• _Work instruction_
Scan the records for the string "lambda" and copy every line that holds it.

Source data Start Marker

lemma norm_orthonormal_list_combination:
  assumes "orthonormal_list Qt"
  shows "(norm (\<Sum>i<length Qt. c i *\<^sub>R Qt ! i))\<^sup>2 = (\<Sum>i<length Qt. (c i)\<^sup>2)"
proof -
  let ?n = "length Qt"
  have "(norm (\<Sum>i<?n. c i *\<^sub>R Qt ! i))\<^sup>2 = (\<Sum>i<?n. \<Sum>j<?n. c i * c j * inner (Qt ! j) (Qt ! i))"
    by (simp add: power2_norm_eq_inner inner_sum_left inner_sum_right sum_distrib_left mult_ac)
  also have "\<dots> = (\<Sum>i<?n. \<Sum>j<?n. if i = j then (c i)\<^sup>2 else 0)"
    using assms unfolding orthonormal_list_def by (intro sum.cong refl) (auto simp: power2_eq_square)
  finally show ?thesis by simp
qed

lemma lower_frame_bound_scaled_orthonormal:
  assumes "orthonormal_list Qt" "0 \<le> d"
  shows "lower_frame_bound d (map (scaleR d) Qt)"
  unfolding lower_frame_bound_def
proof
  fix c :: "nat \<Rightarrow> real"
  have "(\<Sum>i<length Qt. c i *\<^sub>R map (scaleR d) Qt ! i) = d *\<^sub>R (\<Sum>i<length Qt. c i *\<^sub>R Qt ! i)"
    by (simp add: scaleR_sum_right mult.commute)
  moreover have "norm (\<Sum>i<length Qt. c i *\<^sub>R Qt ! i) = sqrt (\<Sum>i<length Qt. (c i)\<^sup>2)"
    using real_sqrt_unique[OF norm_orthonormal_list_combination[OF assms(1)] norm_ge_zero] by simp
  ultimately show "d * sqrt (\<Sum>i<length (map (scaleR d) Qt). (c i)\<^sup>2)
      \<le> norm (\<Sum>i<length (map (scaleR d) Qt). c i *\<^sub>R map (scaleR d) Qt ! i)"
    using assms(2) by simp
qed

lemma sum_lessThan_append:
  fixes F :: "nat \<Rightarrow> 'a \<Rightarrow> 'b::comm_monoid_add"
  shows "(\<Sum>i<length (a @ b). F i ((a @ b) ! i))
       = (\<Sum>i<length a. F i (a ! i)) + (\<Sum>i<length b. F (length a + i) (b ! i))"
proof -
  have "(\<Sum>i<length a + n. G i) = (\<Sum>i<length a. G i) + (\<Sum>i<n. G (length a + i))"
    for n and G :: "nat \<Rightarrow> 'b"
    by (induction n) (simp_all add: add.assoc)
  then show ?thesis by (simp add: nth_append)
qed

lemma lower_frame_bound_append_orthogonal:
  fixes a b :: "('a::real_inner) list"
  assumes a: "lower_frame_bound s a" and b: "lower_frame_bound t b"
    and orth: "\<forall>y\<in>set a. \<forall>z\<in>set b. inner y z = 0"
    and nonneg: "0 \<le> s" "0 \<le> t"
  shows "lower_frame_bound (min s t) (a @ b)"
  unfolding lower_frame_bound_def
proof
  fix c :: "nat \<Rightarrow> real"
  define A where "A = (\<Sum>i<length a. c i *\<^sub>R a ! i)"
  define B where "B = (\<Sum>i<length b. c (length a + i) *\<^sub>R b ! i)"
  define S where "S = (\<Sum>i<length a. (c i)\<^sup>2)"
  define T where "T = (\<Sum>i<length b. (c (length a + i))\<^sup>2)"
  have "inner A B = 0"
    unfolding A_def B_def using orth by (simp add: inner_sum_left inner_sum_right)
  then have pythagoras: "(norm (A + B))\<^sup>2 = (norm A)\<^sup>2 + (norm B)\<^sup>2"
    by (simp add: power2_norm_eq_inner inner_add_left inner_add_right inner_commute)
  have "s * sqrt S \<le> norm A" "t * sqrt T \<le> norm B"
    using a[unfolded lower_frame_bound_def, rule_format, of c]
      b[unfolded lower_frame_bound_def, rule_format, of "\<lambda>i. c (length a + i)"]
    by (simp_all add: A_def B_def S_def T_def)
  moreover have "0 \<le> S" "0 \<le> T" by (simp_all add: S_def T_def sum_nonneg)
  moreover have "(min s t)\<^sup>2 * X \<le> (norm Y)\<^sup>2"
    if "u * sqrt X \<le> norm Y" "0 \<le> X" "min s t \<le> u" for u X and Y :: 'a
  proof -
    have "(min s t)\<^sup>2 * X \<le> u\<^sup>2 * X" using that nonneg by (intro mult_right_mono power_mono) auto
    also have "\<dots> = (u * sqrt X)\<^sup>2" using that by (simp add: power_mult_distrib)
    also have "\<dots> \<le> (norm Y)\<^sup>2" using that nonneg by (intro power_mono) auto
    finally show ?thesis .
  qed
  ultimately have "(min s t)\<^sup>2 * S \<le> (norm A)\<^sup>2" "(min s t)\<^sup>2 * T \<le> (norm B)\<^sup>2"
    by auto
  then have "(min s t * sqrt (S + T))\<^sup>2 \<le> (norm (A + B))\<^sup>2"
    using \<open>0 \<le> S\<close> \<open>0 \<le> T\<close> pythagoras by (simp add: power_mult_distrib distrib_left)
  then have "min s t * sqrt (S + T) \<le> norm (A + B)"
    by (rule power2_le_imp_le) simp
  then show "min s t * sqrt (\<Sum>i<length (a @ b). (c i)\<^sup>2) \<le> norm (\<Sum>i<length (a @ b). c i *\<^sub>R (a @ b) ! i)"
    using sum_lessThan_append[of "\<lambda>i v. c i *\<^sub>R v" a b] sum_lessThan_append[of "\<lambda>i v. (c i)\<^sup>2" a b]
    by (simp add: A_def B_def S_def T_def)
qed

lemma cols_are_mult_vec:
  fixes D :: "real^'p^'n"
  assumes "cols_are D cs"
  obtains c where "D *v v = (\<Sum>i<length cs. c i *\<^sub>R cs ! i)" "(\<Sum>i<length cs. (c i)\<^sup>2) = (norm v)\<^sup>2"
proof -
  obtain e :: "'p \<Rightarrow> nat" where e: "bij_betw e UNIV {..<length cs}" "\<forall>j. column j D = cs ! e j"
    using assms unfolding cols_are_def by blast
  define c where "c i = v $ inv_into UNIV e i" for i
  have ce: "c (e j) = v $ j" for j
    unfolding c_def using e(1) by (simp add: bij_betw_def inv_into_f_f)
  have "D *v v = (\<Sum>j\<in>UNIV. c (e j) *\<^sub>R cs ! e j)"
    by (simp add: matrix_mult_sum scalar_mult_eq_scaleR ce e(2))
  also have "\<dots> = (\<Sum>i<length cs. c i *\<^sub>R cs ! i)"
    by (rule sum.reindex_bij_betw[OF e(1)])
  finally have "D *v v = (\<Sum>i<length cs. c i *\<^sub>R cs ! i)" .
  moreover have "(norm v)\<^sup>2 = (\<Sum>j\<in>UNIV. v $ j * v $ j)"
    by (simp only: power2_norm_eq_inner inner_vec_def inner_real_def)
  then have "(norm v)\<^sup>2 = (\<Sum>j\<in>UNIV. (c (e j))\<^sup>2)"
    by (simp add: ce power2_eq_square)
  then have "(norm v)\<^sup>2 = (\<Sum>i<length cs. (c i)\<^sup>2)"
    using sum.reindex_bij_betw[OF e(1), of "\<lambda>i. (c i)\<^sup>2"] by simp
  ultimately show ?thesis using that by simp
qed

lemma cols_are_column_mem: "cols_are D cs \<Longrightarrow> column j D \<in> set cs"
  unfolding cols_are_def by (metis bij_betw_apply UNIV_I lessThan_iff nth_mem)

lemma cols_are_lower_frame_bound:
  fixes D :: "real^'p^'n"
  assumes "cols_are D cs" "lower_frame_bound s cs"
  shows "s * norm v \<le> norm (D *v v)"
proof -
  obtain c where "D *v v = (\<Sum>i<length cs. c i *\<^sub>R cs ! i)" "(\<Sum>i<length cs. (c i)\<^sup>2) = (norm v)\<^sup>2"
    using cols_are_mult_vec[OF assms(1)] .
  then show ?thesis
    using assms(2)[unfolded lower_frame_bound_def, rule_format, of c] by simp
qed

lemma inner_orthonormal_residual:
  fixes U :: "('a::real_inner) list"
  assumes "orthonormal_list U" "u \<in> set U"
  shows "inner u (w - (\<Sum>v\<leftarrow>U. inner v w *\<^sub>R v)) = 0"
proof -
  obtain k where k: "k < length U" "u = U ! k" using assms(2) by (metis in_set_conv_nth)
  have "inner u (\<Sum>v\<leftarrow>U. inner v w *\<^sub>R v) = (\<Sum>l<length U. inner (U ! l) w * inner (U ! k) (U ! l))"
    by (simp add: sum_list_sum_nth atLeast0LessThan inner_sum_right k)
  also have "\<dots> = (\<Sum>l<length U. if l = k then inner (U ! k) w else 0)"
    using assms(1) k unfolding orthonormal_list_def by (intro sum.cong refl) auto
  finally show ?thesis using k by (simp add: inner_diff_right)
qed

Source data End Marker

• _Result of the task_
      b[unfolded lower_frame_bound_def, rule_format, of "\<lambda>i. c (length a + i)"]
    using sum_lessThan_append[of "\<lambda>i v. c i *\<^sub>R v" a b] sum_lessThan_append[of "\<lambda>i v. (c i)\<^sup>2" a b]
    using sum.reindex_bij_betw[OF e(1), of "\<lambda>i. (c i)\<^sup>2"] by simp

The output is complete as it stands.